### WHAT THIS TASK INVOLVES
Begin with the first line of the entries below. Copy each line exactly, stopping after the one that contains "(real_of_rat (qs n))\<bar>".

### AVAILABLE RECORDS
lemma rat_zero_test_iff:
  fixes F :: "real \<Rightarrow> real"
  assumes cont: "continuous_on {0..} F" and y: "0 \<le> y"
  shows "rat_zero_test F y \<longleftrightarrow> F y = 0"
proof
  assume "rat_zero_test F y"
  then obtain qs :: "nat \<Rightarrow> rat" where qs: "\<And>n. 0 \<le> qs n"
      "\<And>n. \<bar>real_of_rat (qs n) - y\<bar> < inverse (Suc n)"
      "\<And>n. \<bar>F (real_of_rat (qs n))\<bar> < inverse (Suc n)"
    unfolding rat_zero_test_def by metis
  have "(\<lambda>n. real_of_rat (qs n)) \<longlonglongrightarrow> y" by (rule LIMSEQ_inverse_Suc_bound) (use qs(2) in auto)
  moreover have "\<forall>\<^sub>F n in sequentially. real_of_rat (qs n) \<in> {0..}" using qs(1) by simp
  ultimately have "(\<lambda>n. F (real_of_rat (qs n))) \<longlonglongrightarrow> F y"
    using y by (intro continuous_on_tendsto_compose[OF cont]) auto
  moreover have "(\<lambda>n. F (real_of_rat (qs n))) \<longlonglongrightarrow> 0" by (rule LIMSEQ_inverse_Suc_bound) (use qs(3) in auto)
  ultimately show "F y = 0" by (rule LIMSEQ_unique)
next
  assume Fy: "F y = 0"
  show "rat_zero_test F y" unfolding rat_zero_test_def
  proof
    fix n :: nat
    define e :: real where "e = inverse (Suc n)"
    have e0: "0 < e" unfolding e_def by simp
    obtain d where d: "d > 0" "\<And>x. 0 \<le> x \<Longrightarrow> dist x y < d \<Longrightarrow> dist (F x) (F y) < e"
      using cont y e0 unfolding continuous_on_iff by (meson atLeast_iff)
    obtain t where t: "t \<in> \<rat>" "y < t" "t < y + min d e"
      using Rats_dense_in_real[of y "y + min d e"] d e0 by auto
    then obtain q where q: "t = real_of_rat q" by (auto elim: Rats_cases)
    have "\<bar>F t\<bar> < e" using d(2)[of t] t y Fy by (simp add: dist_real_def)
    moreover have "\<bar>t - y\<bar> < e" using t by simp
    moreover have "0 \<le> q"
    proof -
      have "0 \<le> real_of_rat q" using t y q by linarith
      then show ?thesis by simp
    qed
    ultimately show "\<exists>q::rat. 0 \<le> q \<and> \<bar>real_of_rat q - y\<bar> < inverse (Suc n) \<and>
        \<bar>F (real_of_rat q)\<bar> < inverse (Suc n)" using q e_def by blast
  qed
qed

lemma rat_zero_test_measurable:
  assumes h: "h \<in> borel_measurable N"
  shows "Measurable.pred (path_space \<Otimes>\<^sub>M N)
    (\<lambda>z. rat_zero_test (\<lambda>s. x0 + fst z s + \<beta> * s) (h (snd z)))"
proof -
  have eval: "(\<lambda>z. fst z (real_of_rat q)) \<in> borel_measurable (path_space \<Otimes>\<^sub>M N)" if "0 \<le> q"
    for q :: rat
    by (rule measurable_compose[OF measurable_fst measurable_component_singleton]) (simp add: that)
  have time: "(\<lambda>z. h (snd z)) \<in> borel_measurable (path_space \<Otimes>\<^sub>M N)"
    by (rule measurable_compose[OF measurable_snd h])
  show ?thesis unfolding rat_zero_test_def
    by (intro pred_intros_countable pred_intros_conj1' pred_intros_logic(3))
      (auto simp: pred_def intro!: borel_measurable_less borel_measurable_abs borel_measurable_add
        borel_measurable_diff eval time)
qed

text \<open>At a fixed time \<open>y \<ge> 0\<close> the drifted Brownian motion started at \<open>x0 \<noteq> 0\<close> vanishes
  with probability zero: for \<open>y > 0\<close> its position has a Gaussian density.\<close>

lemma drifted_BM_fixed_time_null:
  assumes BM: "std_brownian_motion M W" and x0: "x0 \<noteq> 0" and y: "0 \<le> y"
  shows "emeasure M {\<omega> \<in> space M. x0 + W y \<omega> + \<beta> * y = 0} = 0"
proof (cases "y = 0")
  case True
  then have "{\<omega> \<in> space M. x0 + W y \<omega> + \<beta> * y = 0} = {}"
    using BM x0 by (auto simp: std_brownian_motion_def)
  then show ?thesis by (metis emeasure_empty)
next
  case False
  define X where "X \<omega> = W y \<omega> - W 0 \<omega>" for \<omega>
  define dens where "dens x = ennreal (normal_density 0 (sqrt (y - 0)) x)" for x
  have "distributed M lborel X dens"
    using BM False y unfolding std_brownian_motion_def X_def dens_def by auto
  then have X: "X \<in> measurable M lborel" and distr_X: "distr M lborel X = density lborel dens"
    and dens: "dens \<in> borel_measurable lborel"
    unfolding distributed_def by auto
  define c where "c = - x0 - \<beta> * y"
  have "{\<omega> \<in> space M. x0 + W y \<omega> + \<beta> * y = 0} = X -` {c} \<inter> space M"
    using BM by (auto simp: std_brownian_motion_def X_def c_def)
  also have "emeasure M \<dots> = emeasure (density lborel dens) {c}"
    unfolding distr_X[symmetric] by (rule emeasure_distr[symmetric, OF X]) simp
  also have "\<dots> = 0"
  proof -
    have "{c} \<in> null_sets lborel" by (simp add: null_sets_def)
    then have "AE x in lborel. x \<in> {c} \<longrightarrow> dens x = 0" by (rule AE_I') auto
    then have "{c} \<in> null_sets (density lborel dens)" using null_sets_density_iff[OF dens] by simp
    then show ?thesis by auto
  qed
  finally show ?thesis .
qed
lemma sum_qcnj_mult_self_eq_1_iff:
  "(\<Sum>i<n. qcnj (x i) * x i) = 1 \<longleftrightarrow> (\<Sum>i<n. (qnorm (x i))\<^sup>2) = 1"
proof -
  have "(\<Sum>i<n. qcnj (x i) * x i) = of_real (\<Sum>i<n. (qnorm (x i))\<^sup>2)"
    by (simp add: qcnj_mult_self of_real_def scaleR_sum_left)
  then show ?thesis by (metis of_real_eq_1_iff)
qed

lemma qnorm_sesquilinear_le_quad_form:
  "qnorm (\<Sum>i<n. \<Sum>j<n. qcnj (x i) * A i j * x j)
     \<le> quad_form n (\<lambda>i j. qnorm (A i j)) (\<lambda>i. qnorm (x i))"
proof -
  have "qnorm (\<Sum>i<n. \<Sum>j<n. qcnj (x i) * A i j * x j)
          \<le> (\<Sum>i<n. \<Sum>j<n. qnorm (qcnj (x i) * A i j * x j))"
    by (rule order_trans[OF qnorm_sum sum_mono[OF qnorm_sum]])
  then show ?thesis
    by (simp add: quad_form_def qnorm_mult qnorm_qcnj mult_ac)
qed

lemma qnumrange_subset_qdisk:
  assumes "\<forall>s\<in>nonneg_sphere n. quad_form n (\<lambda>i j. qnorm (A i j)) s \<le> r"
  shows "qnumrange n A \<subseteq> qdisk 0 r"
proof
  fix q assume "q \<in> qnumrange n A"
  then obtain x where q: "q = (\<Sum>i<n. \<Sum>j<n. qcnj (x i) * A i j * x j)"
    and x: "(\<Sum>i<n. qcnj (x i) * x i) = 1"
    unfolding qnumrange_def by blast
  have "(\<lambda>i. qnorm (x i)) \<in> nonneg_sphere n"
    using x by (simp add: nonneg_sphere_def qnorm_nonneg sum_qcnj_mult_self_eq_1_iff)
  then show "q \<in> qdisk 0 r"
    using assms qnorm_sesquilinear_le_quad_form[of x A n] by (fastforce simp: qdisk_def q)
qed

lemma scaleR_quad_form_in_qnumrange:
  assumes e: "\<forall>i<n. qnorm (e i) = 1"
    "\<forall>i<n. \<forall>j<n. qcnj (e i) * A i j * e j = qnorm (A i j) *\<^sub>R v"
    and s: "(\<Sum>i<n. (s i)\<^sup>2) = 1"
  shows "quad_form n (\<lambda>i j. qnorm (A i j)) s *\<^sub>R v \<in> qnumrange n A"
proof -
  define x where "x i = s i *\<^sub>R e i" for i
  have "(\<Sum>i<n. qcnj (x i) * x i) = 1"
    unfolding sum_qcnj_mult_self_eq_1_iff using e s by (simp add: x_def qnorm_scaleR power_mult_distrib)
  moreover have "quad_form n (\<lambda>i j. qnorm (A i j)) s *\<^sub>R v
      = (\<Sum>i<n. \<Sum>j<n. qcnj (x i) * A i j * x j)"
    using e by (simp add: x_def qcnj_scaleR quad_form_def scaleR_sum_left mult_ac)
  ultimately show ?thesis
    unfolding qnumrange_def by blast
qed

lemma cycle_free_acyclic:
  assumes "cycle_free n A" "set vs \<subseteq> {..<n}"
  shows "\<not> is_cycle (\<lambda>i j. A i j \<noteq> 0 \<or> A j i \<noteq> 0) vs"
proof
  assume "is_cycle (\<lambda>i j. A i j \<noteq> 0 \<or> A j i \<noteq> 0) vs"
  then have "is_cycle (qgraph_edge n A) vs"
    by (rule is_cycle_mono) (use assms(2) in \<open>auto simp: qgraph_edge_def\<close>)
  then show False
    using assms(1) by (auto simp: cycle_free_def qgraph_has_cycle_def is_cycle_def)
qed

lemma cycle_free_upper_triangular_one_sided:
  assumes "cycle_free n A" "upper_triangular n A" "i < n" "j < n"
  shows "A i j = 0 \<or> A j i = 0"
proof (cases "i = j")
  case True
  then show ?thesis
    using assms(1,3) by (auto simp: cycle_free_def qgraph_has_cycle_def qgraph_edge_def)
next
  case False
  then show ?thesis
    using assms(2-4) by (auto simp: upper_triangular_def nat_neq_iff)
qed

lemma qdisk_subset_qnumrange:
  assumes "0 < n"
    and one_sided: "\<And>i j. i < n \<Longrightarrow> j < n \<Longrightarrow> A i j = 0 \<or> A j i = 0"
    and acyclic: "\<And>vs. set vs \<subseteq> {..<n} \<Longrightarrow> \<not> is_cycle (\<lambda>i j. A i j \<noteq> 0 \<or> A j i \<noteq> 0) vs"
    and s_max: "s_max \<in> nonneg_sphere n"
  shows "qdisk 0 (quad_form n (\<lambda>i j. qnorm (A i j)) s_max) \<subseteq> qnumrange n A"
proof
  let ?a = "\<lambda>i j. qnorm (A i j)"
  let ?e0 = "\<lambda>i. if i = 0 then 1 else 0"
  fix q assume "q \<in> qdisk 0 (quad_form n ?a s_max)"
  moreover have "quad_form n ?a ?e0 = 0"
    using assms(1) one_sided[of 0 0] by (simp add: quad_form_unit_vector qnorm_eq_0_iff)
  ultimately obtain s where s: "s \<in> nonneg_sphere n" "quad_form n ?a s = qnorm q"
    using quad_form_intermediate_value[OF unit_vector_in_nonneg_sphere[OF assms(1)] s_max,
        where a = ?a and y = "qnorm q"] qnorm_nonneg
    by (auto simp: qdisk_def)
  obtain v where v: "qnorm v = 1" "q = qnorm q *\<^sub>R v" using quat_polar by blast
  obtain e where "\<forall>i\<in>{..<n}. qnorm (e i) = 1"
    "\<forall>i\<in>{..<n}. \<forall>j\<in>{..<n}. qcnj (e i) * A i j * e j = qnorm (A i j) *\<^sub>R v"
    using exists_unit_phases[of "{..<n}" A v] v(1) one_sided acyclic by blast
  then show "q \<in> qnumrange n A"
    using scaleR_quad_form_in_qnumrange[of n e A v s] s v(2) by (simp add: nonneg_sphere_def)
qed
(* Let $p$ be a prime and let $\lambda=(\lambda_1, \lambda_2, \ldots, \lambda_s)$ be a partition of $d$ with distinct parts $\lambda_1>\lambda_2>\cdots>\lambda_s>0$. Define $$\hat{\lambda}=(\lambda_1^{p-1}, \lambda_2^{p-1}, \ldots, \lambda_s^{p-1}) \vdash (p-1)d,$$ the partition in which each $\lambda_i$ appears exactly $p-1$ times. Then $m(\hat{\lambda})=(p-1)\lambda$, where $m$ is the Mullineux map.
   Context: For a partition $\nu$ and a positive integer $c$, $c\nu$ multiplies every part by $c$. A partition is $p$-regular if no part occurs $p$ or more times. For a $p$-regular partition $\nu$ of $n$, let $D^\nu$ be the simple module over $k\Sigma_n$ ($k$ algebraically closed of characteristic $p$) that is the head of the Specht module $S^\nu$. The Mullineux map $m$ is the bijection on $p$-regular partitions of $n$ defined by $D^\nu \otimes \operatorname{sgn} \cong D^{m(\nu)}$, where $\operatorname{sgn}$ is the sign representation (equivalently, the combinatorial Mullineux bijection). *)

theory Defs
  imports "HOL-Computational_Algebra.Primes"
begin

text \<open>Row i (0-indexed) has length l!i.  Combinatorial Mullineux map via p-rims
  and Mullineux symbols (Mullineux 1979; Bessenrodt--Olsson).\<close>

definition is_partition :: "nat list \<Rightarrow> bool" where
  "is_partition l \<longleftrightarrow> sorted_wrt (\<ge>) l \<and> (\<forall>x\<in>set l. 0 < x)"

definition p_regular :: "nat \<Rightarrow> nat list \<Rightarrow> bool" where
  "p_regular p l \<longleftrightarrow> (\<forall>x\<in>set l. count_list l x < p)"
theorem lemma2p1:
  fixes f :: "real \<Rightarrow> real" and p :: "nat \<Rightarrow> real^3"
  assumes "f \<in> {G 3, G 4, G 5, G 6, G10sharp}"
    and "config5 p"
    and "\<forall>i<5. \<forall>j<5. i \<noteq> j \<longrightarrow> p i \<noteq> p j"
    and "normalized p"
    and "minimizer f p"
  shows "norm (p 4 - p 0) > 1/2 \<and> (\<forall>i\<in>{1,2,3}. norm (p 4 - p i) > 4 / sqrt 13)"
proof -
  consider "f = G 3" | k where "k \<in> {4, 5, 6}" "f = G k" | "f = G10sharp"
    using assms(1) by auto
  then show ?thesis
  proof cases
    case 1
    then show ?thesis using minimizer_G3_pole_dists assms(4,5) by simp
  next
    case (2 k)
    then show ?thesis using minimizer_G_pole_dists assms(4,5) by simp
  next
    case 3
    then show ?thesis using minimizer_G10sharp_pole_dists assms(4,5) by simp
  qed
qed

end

### EXERCISE RESPONSE
lemma rat_zero_test_iff:
  fixes F :: "real \<Rightarrow> real"
  assumes cont: "continuous_on {0..} F" and y: "0 \<le> y"
  shows "rat_zero_test F y \<longleftrightarrow> F y = 0"
proof
  assume "rat_zero_test F y"
  then obtain qs :: "nat \<Rightarrow> rat" where qs: "\<And>n. 0 \<le> qs n"
      "\<And>n. \<bar>real_of_rat (qs n) - y\<bar> < inverse (Suc n)"
      "\<And>n. \<bar>F (real_of_rat (qs n))\<bar> < inverse (Suc n)"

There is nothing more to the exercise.